Bestseller Study: Long Tail = Shorter Head

Elizabeth Freeman wrote in email: “I listen to NPR’s On The Media regularly (as a podcast) and the June 30th episode had two interesting segments, one with Clive Thompson of Wired discussing the long tail and self publishing called “Turning the Page” and another about John Shors creating his own word of mouth buzz for his book by showing up in person to book clubs featuring his book, and answering questions in person. Both are really interesting (although definitely the first is nothing new to you, it does cite a study that Lulu.com did about the life expectancy of best sellers).
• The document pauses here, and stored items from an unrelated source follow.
(* Let $(\mathscr C,A,\psi)$ be an entwining structure with $A$ finite dimensional over $K$ such that there exists a normalized cointegral $\gamma=\{\gamma_{X}:A^*\otimes\mathscr C(X,X)\longrightarrow A\}_{X\in Ob(\mathscr C)}$. Then a morphism $\phi:\mathcal M\longrightarrow\mathcal M'$ in ${_A^{\mathscr C}}Ctr(\psi)$ has a section (resp. a retraction) in ${_A^{\mathscr C}}Ctr(\psi)$ if and only if it has a section (resp. a retraction) in ${^{\mathscr C}}Ctr$.
   Context: $K$ is a field, $(U',U):=Hom_K(U',U)$. $\mathscr C$ is a coalgebra with several objects ($\delta_{XYZ}:\mathscr C(X,Z)\to\mathscr C(Y,Z)\otimes\mathscr C(X,Y)$, counits $\epsilon_X$). $(\mathscr C,A,\psi)$ is an entwining structure: $A$ a $K$-algebra with multiplication $\mu_A$ and unit $u_A$, $\psi_{XY}:\mathscr C(X,Y)\otimes A\to A\otimes\mathscr C(X,Y)$, $f\otimes a\mapsto a_\psi\otimes f^\psi$, with $a_\psi\otimes\delta_{XYZ}(f^\psi)=a_{\psi\psi}\otimes f_{Y1}^\psi\otimes f_{Y2}^\psi$, $(ab)_\psi\otimes f^\psi=a_\psi b_\psi\otimes f^{\psi\psi}$, $\psi(f\otimes1)=1\otimes f$, $a_\psi\epsilon_Z(g^\psi)=\epsilon_Z(g)a$. ${^\mathscr C}Ctr$ is the category of left $\mathscr C$-contramodules ($\pi_{XY}:(\mathscr C(X,Y),\mathcal M(Y))\to\mathcal M(X)$, coassociative and counital) and ${_A^{\mathscr C}}Ctr(\psi)$ the category of entwined contramodules (contramodules with left $A$-module structures $\mu_X:\mathcal M(X)\to(A,\mathcal M(X))$ satisfying $\mu_X\circ\pi_{XY}=(A,\pi_{XY})\circ(\psi_{XY},\mathcal M(Y))\circ(\mathscr C(X,Y),\mu_Y)$, morphisms objectwise $A$-linear). $coev_A:K\to A\otimes A^*$, $1\mapsto\sum_i a_i\otimes a_i^*$ for a basis $\{a_i\}$ with dual basis $\{a_i^*\}$. A normalized cointegral is a family of linear maps $\gamma_X:A^*\otimes\mathscr C(X,X)\to A$ with: (1) $(A\otimes\psi_{XY})\circ(\psi_{XY}\otimes\gamma_X)\circ(\mathscr C(X,Y)\otimes coev_A\otimes\mathscr C(X,X))\circ\delta_{XXY}=(A\otimes\gamma_Y\otimes\mathscr C(X,Y))\circ(coev_A\otimes\delta_{XYY})$; (2) $(A\otimes\mu_A)\circ(A\otimes\gamma_X\otimes A)\circ(coev_A\otimes\mathscr C(X,X)\otimes A)=(\mu_A\otimes\gamma_X)\circ(A\otimes coev_A\otimes\mathscr C(X,X))\circ\psi_{XX}$; (3) $\mu_A\circ(A\otimes\gamma_X)\circ(coev_A\otimes\mathscr C(X,X))=u_A\circ\epsilon_X$. *)

theory Defs
  imports Complex_Main "HOL-Library.Function_Algebras"
begin

text \<open>A K-vector space is a subspace U of an ambient type carrying a scalar
multiplication s (library locale vector_space). Hom_K(U,V) is represented by
functions that are K-linear on U, map U into V and are zero outside U
(so that each linear map has a unique representative).\<close>

definition lin_on ::
  "('k::field \<Rightarrow> 'u::ab_group_add \<Rightarrow> 'u) \<Rightarrow> ('k \<Rightarrow> 'v::ab_group_add \<Rightarrow> 'v)
   \<Rightarrow> 'u set \<Rightarrow> 'v set \<Rightarrow> ('u \<Rightarrow> 'v) \<Rightarrow> bool" where
  "lin_on s1 s2 U V f \<longleftrightarrow> (\<forall>x\<in>U. f x \<in> V) \<and> (\<forall>x\<in>U. \<forall>y\<in>U. f (x + y) = f x + f y)
      \<and> (\<forall>c. \<forall>x\<in>U. f (s1 c x) = s2 c (f x))"

definition LHom ::
  "('k::field \<Rightarrow> 'u::ab_group_add \<Rightarrow> 'u) \<Rightarrow> ('k \<Rightarrow> 'v::ab_group_add \<Rightarrow> 'v)
   \<Rightarrow> 'u set \<Rightarrow> 'v set \<Rightarrow> ('u \<Rightarrow> 'v) set" where
  "LHom s1 s2 U V = {f. lin_on s1 s2 U V f \<and> (\<forall>x. x \<notin> U \<longrightarrow> f x = 0)}"

definition fscale :: "('k \<Rightarrow> 'v \<Rightarrow> 'v) \<Rightarrow> 'k \<Rightarrow> ('u \<Rightarrow> 'v) \<Rightarrow> ('u \<Rightarrow> 'v)" where
  "fscale s c h = (\<lambda>x. s c (h x))"

definition restrict0 :: "'u set \<Rightarrow> ('u \<Rightarrow> 'v::zero) \<Rightarrow> 'u \<Rightarrow> 'v" where
  "restrict0 U h = (\<lambda>x. if x \<in> U then h x else 0)"

text \<open>An element of U \<otimes> V (resp. U \<otimes> V \<otimes> W) is represented by a finite formal sum,
i.e. a list of pairs (triples) of vectors. Two formal sums represent the same
tensor iff every bilinear (trilinear) functional takes the same value on them
(universal property of the tensor product over a field).\<close>

definition bilin_on ::
  "('k::field \<Rightarrow> 'u::ab_group_add \<Rightarrow> 'u) \<Rightarrow> ('k \<Rightarrow> 'v::ab_group_add \<Rightarrow> 'v)
   \<Rightarrow> 'u set \<Rightarrow> 'v set \<Rightarrow> ('u \<Rightarrow> 'v \<Rightarrow> 'k) \<Rightarrow> bool" where
  "bilin_on s1 s2 U V \<beta> \<longleftrightarrow>
     (\<forall>u\<in>U. lin_on s2 (*) V UNIV (\<beta> u)) \<and> (\<forall>v\<in>V. lin_on s1 (*) U UNIV (\<lambda>u. \<beta> u v))"

definition trilin_on ::
  "('k::field \<Rightarrow> 'u::ab_group_add \<Rightarrow> 'u) \<Rightarrow> ('k \<Rightarrow> 'v::ab_group_add \<Rightarrow> 'v)
   \<Rightarrow> ('k \<Rightarrow> 'w::ab_group_add \<Rightarrow> 'w)
   \<Rightarrow> 'u set \<Rightarrow> 'v set \<Rightarrow> 'w set \<Rightarrow> ('u \<Rightarrow> 'v \<Rightarrow> 'w \<Rightarrow> 'k) \<Rightarrow> bool" where
  "trilin_on s1 s2 s3 U V W \<tau> \<longleftrightarrow>
     (\<forall>u\<in>U. \<forall>v\<in>V. lin_on s3 (*) W UNIV (\<tau> u v)) \<and>
     (\<forall>u\<in>U. \<forall>w\<in>W. lin_on s2 (*) V UNIV (\<lambda>v. \<tau> u v w)) \<and>
     (\<forall>v\<in>V. \<forall>w\<in>W. lin_on s1 (*) U UNIV (\<lambda>u. \<tau> u v w))"

definition teq2 ::
  "('k::field \<Rightarrow> 'u::ab_group_add \<Rightarrow> 'u) \<Rightarrow> ('k \<Rightarrow> 'v::ab_group_add \<Rightarrow> 'v)
   \<Rightarrow> 'u set \<Rightarrow> 'v set \<Rightarrow> ('u \<times> 'v) list \<Rightarrow> ('u \<times> 'v) list \<Rightarrow> bool" where
  "teq2 s1 s2 U V xs ys \<longleftrightarrow> set xs \<subseteq> U \<times> V \<and> set ys \<subseteq> U \<times> V \<and>
     (\<forall>\<beta>. bilin_on s1 s2 U V \<beta> \<longrightarrow>
        (\<Sum>(u,v)\<leftarrow>xs. \<beta> u v) = (\<Sum>(u,v)\<leftarrow>ys. \<beta> u v))"

definition teq3 ::
  "('k::field \<Rightarrow> 'u::ab_group_add \<Rightarrow> 'u) \<Rightarrow> ('k \<Rightarrow> 'v::ab_group_add \<Rightarrow> 'v)
   \<Rightarrow> ('k \<Rightarrow> 'w::ab_group_add \<Rightarrow> 'w)
   \<Rightarrow> 'u set \<Rightarrow> 'v set \<Rightarrow> 'w set \<Rightarrow> ('u \<times> 'v \<times> 'w) list \<Rightarrow> ('u \<times> 'v \<times> 'w) list \<Rightarrow> bool" where
  "teq3 s1 s2 s3 U V W xs ys \<longleftrightarrow> set xs \<subseteq> U \<times> V \<times> W \<and> set ys \<subseteq> U \<times> V \<times> W \<and>
     (\<forall>\<tau>. trilin_on s1 s2 s3 U V W \<tau> \<longrightarrow>
        (\<Sum>(u,v,w)\<leftarrow>xs. \<tau> u v w) = (\<Sum>(u,v,w)\<leftarrow>ys. \<tau> u v w))"

text \<open>a map U \<times> V \<rightarrow> X \<otimes> Y (formal sums) that is bilinear up to equality of tensors,
i.e. a linear map U \<otimes> V \<rightarrow> X \<otimes> Y\<close>
definition tmap2 ::
  "('k::field \<Rightarrow> 'u::ab_group_add \<Rightarrow> 'u) \<Rightarrow> ('k \<Rightarrow> 'v::ab_group_add \<Rightarrow> 'v)
   \<Rightarrow> ('k \<Rightarrow> 'x::ab_group_add \<Rightarrow> 'x) \<Rightarrow> ('k \<Rightarrow> 'y::ab_group_add \<Rightarrow> 'y)
   \<Rightarrow> 'u set \<Rightarrow> 'v set \<Rightarrow> 'x set \<Rightarrow> 'y set \<Rightarrow> ('u \<Rightarrow> 'v \<Rightarrow> ('x \<times> 'y) list) \<Rightarrow> bool" where
  "tmap2 s1 s2 s3 s4 U V X Y F \<longleftrightarrow>
     (\<forall>u\<in>U. \<forall>v\<in>V. set (F u v) \<subseteq> X \<times> Y) \<and>
     (\<forall>u\<in>U. \<forall>u'\<in>U. \<forall>v\<in>V. teq2 s3 s4 X Y (F (u + u') v) (F u v @ F u' v)) \<and>
     (\<forall>u\<in>U. \<forall>v\<in>V. \<forall>v'\<in>V. teq2 s3 s4 X Y (F u (v + v')) (F u v @ F u v')) \<and>
     (\<forall>c. \<forall>u\<in>U. \<forall>v\<in>V. teq2 s3 s4 X Y (F (s1 c u) v) (map (\<lambda>(x,y). (s3 c x, y)) (F u v))) \<and>
     (\<forall>c. \<forall>u\<in>U. \<forall>v\<in>V. teq2 s3 s4 X Y (F u (s2 c v)) (map (\<lambda>(x,y). (s3 c x, y)) (F u v)))"

definition tmap1 ::
  "('k::field \<Rightarrow> 'u::ab_group_add \<Rightarrow> 'u)
   \<Rightarrow> ('k \<Rightarrow> 'x::ab_group_add \<Rightarrow> 'x) \<Rightarrow> ('k \<Rightarrow> 'y::ab_group_add \<Rightarrow> 'y)
   \<Rightarrow> 'u set \<Rightarrow> 'x set \<Rightarrow> 'y set \<Rightarrow> ('u \<Rightarrow> ('x \<times> 'y) list) \<Rightarrow> bool" where
  "tmap1 s1 s3 s4 U X Y F \<longleftrightarrow>
     (\<forall>u\<in>U. set (F u) \<subseteq> X \<times> Y) \<and>
     (\<forall>u\<in>U. \<forall>u'\<in>U. teq2 s3 s4 X Y (F (u + u')) (F u @ F u')) \<and>
     (\<forall>c. \<forall>u\<in>U. teq2 s3 s4 X Y (F (s1 c u)) (map (\<lambda>(x,y). (s3 c x, y)) (F u)))"

text \<open>Objects are the elements of the type 'o; C X Y \<subseteq> 'c is the space \<C>(X,Y);
delta X Y Z : \<C>(X,Z) \<rightarrow> \<C>(Y,Z) \<otimes> \<C>(X,Y); eps X : \<C>(X,X) \<rightarrow> K.\<close>

definition coalgebra ::
  "('k::field \<Rightarrow> 'c::ab_group_add \<Rightarrow> 'c) \<Rightarrow> ('o \<Rightarrow> 'o \<Rightarrow> 'c set)
   \<Rightarrow> ('o \<Rightarrow> 'o \<Rightarrow> 'o \<Rightarrow> 'c \<Rightarrow> ('c \<times> 'c) list) \<Rightarrow> ('o \<Rightarrow> 'c \<Rightarrow> 'k) \<Rightarrow> bool" where
  "coalgebra sC C delta eps \<longleftrightarrow>
     vector_space sC \<and>
     (\<forall>X Y. module.subspace sC (C X Y)) \<and>
     (\<forall>X Y Z. tmap1 sC sC sC (C X Z) (C Y Z) (C X Y) (delta X Y Z)) \<and>
     (\<forall>X. lin_on sC (*) (C X X) UNIV (eps X)) \<and>
     (\<forall>X Y Z W. \<forall>f\<in>C X W.
        teq3 sC sC sC (C Z W) (C Y Z) (C X Y)
          [(a, b, c). (g, c) \<leftarrow> delta X Y W f, (a, b) \<leftarrow> delta Y Z W g]
          [(a, b, c). (a, h) \<leftarrow> delta X Z W f, (b, c) \<leftarrow> delta X Y Z h]) \<and>
     (\<forall>X Y. \<forall>f\<in>C X Y. (\<Sum>(f1, f2)\<leftarrow>delta X Y Y f. sC (eps Y f1) f2) = f) \<and>
     (\<forall>X Y. \<forall>f\<in>C X Y. (\<Sum>(f1, f2)\<leftarrow>delta X X Y f. sC (eps X f2) f1) = f)"

text \<open>A K-algebra A is the type 'a (a ring with unit) with a K-vector space structure sA
making the multiplication K-bilinear.\<close>

definition kalgebra :: "('k::field \<Rightarrow> 'a::ring_1 \<Rightarrow> 'a) \<Rightarrow> bool" where
  "kalgebra sA \<longleftrightarrow> vector_space sA \<and>
     (\<forall>c a b. sA c (a * b) = sA c a * b) \<and> (\<forall>c a b. sA c (a * b) = a * sA c b)"

definition findim :: "('k::field \<Rightarrow> 'a::ab_group_add \<Rightarrow> 'a) \<Rightarrow> bool" where
  "findim sA \<longleftrightarrow> (\<exists>B. finite_dimensional_vector_space sA B)"

text \<open>psi X Y f a is (a formal sum representing) \<psi>_XY(f \<otimes> a) \<in> A \<otimes> \<C>(X,Y).\<close>

definition entwining ::
  "('k::field \<Rightarrow> 'c::ab_group_add \<Rightarrow> 'c) \<Rightarrow> ('o \<Rightarrow> 'o \<Rightarrow> 'c set)
   \<Rightarrow> ('o \<Rightarrow> 'o \<Rightarrow> 'o \<Rightarrow> 'c \<Rightarrow> ('c \<times> 'c) list) \<Rightarrow> ('o \<Rightarrow> 'c \<Rightarrow> 'k)
   \<Rightarrow> ('k \<Rightarrow> 'a::ring_1 \<Rightarrow> 'a) \<Rightarrow> ('o \<Rightarrow> 'o \<Rightarrow> 'c \<Rightarrow> 'a \<Rightarrow> ('a \<times> 'c) list) \<Rightarrow> bool" where
  "entwining sC C delta eps sA psi \<longleftrightarrow>
     coalgebra sC C delta eps \<and> kalgebra sA \<and>
     (\<forall>X Y. tmap2 sC sA sA sC (C X Y) UNIV UNIV (C X Y) (psi X Y)) \<and>
     (\<forall>X Y Z. \<forall>f\<in>C X Z. \<forall>a.
        teq3 sA sC sC UNIV (C Y Z) (C X Y)
          [(b, g1, g2). (b, g) \<leftarrow> psi X Z f a, (g1, g2) \<leftarrow> delta X Y Z g]
          [(b2, h1, h2). (f1, f2) \<leftarrow> delta X Y Z f, (b1, h2) \<leftarrow> psi X Y f2 a,
                         (b2, h1) \<leftarrow> psi Y Z f1 b1]) \<and>
     (\<forall>X Y. \<forall>f\<in>C X Y. \<forall>a b.
        teq2 sA sC UNIV (C X Y) (psi X Y f (a * b))
          [(a' * b', f''). (b', f') \<leftarrow> psi X Y f b, (a', f'') \<leftarrow> psi X Y f' a]) \<and>
     (\<forall>X Y. \<forall>f\<in>C X Y. teq2 sA sC UNIV (C X Y) (psi X Y f 1) [(1, f)]) \<and>
     (\<forall>Z. \<forall>g\<in>C Z Z. \<forall>a. (\<Sum>(b, h)\<leftarrow>psi Z Z g a. sA (eps Z h) b) = sA (eps Z g) a)"

definition Adual :: "('k::field \<Rightarrow> 'a::ab_group_add \<Rightarrow> 'a) \<Rightarrow> ('a \<Rightarrow> 'k) set" where
  "Adual sA = {\<alpha>. lin_on sA (*) UNIV UNIV \<alpha>}"

text \<open>coev_A(1) = \<Sum>_i a_i \<otimes> a_i^* for a (chosen) finite basis {a_i} of A with dual basis
{a_i^*}; as an element of A \<otimes> A^* it does not depend on the choice.\<close>

definition coev :: "('k::field \<Rightarrow> 'a::ab_group_add \<Rightarrow> 'a) \<Rightarrow> ('a \<times> ('a \<Rightarrow> 'k)) list" where
  "coev sA = (let B = (SOME B. finite_dimensional_vector_space sA B);
                  bs = (SOME bs. distinct bs \<and> set bs = B)
              in map (\<lambda>b. (b, \<lambda>v. module.representation sA B v b)) bs)"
Beth’s right. The Lulu study is very interesting. They discovered that “The life-expectancy of a bestselling novel has halved within the last decade…. It has fallen to barely a seventh of its level 40 years ago…. The average number of weeks that a new No. 1 bestseller stayed top of the hardback fiction section of the New York Times Bestseller List has fallen from 5.5 in the 1990s, 14 in the 1970s and 22 in the 1960s to barely a fortnight last year — according to the study of the half-century from 1956-2005. In the 1960s, fewer than three novels reached No. 1 in an average year; last year, 23 did.”

This is the converse of the Long Tail. In the face of a plethora of media choices, the “Short Head” is getting shorter. We see this in our own segment of the business. The #1 computer book bestseller today sells a fraction of the number of copies that it sold a decade ago. This is partly due to asymmetric competition from information available on the net, partly due to the increasing maturation of the industry (no one sells many books on how to repair cars any more either), partly due to cutbacks by the retail channel, but it is also partly due to the increase in choice.

There’s a closely related and very insightful New Yorker review of Chris Anderson’s The Long Tail. The article starts with a similar assertion to the one in the Lulu study, namely that none of the top 25 albums of all time were published after 2000, and only three of the top 100. But it later points out that this assertion breaks down badly with regard to movies, where seven of the top ten all time bestselling movies have come out since 2000!

The article also points out that “The long tail has meant that online commerce is being dominated by just a few businesses—mega-sites that can house those long tails….The successful long-tail aggregators can pretty much be counted on the fingers of one hand. Although the online economy has existed for only a decade, businesses like these—and you can add Google and Yahoo—have already established seemingly impregnable positions. If you’re a typical Internet user, when you need to find information you go to Google; when you’re looking for a book or a CD, you go to Amazon; when you want a new golf club, you go to eBay; when you want to download a song, you go to iTunes….Has the New Economy really moved past the familiar “winner take all” dynamic? That depends on whether you’re looking at the long tail—or at who’s wagging it.” (See my 2001 essay, Piracy is Progressive Taxation, for an analysis of why media industries always seem to take this shape.)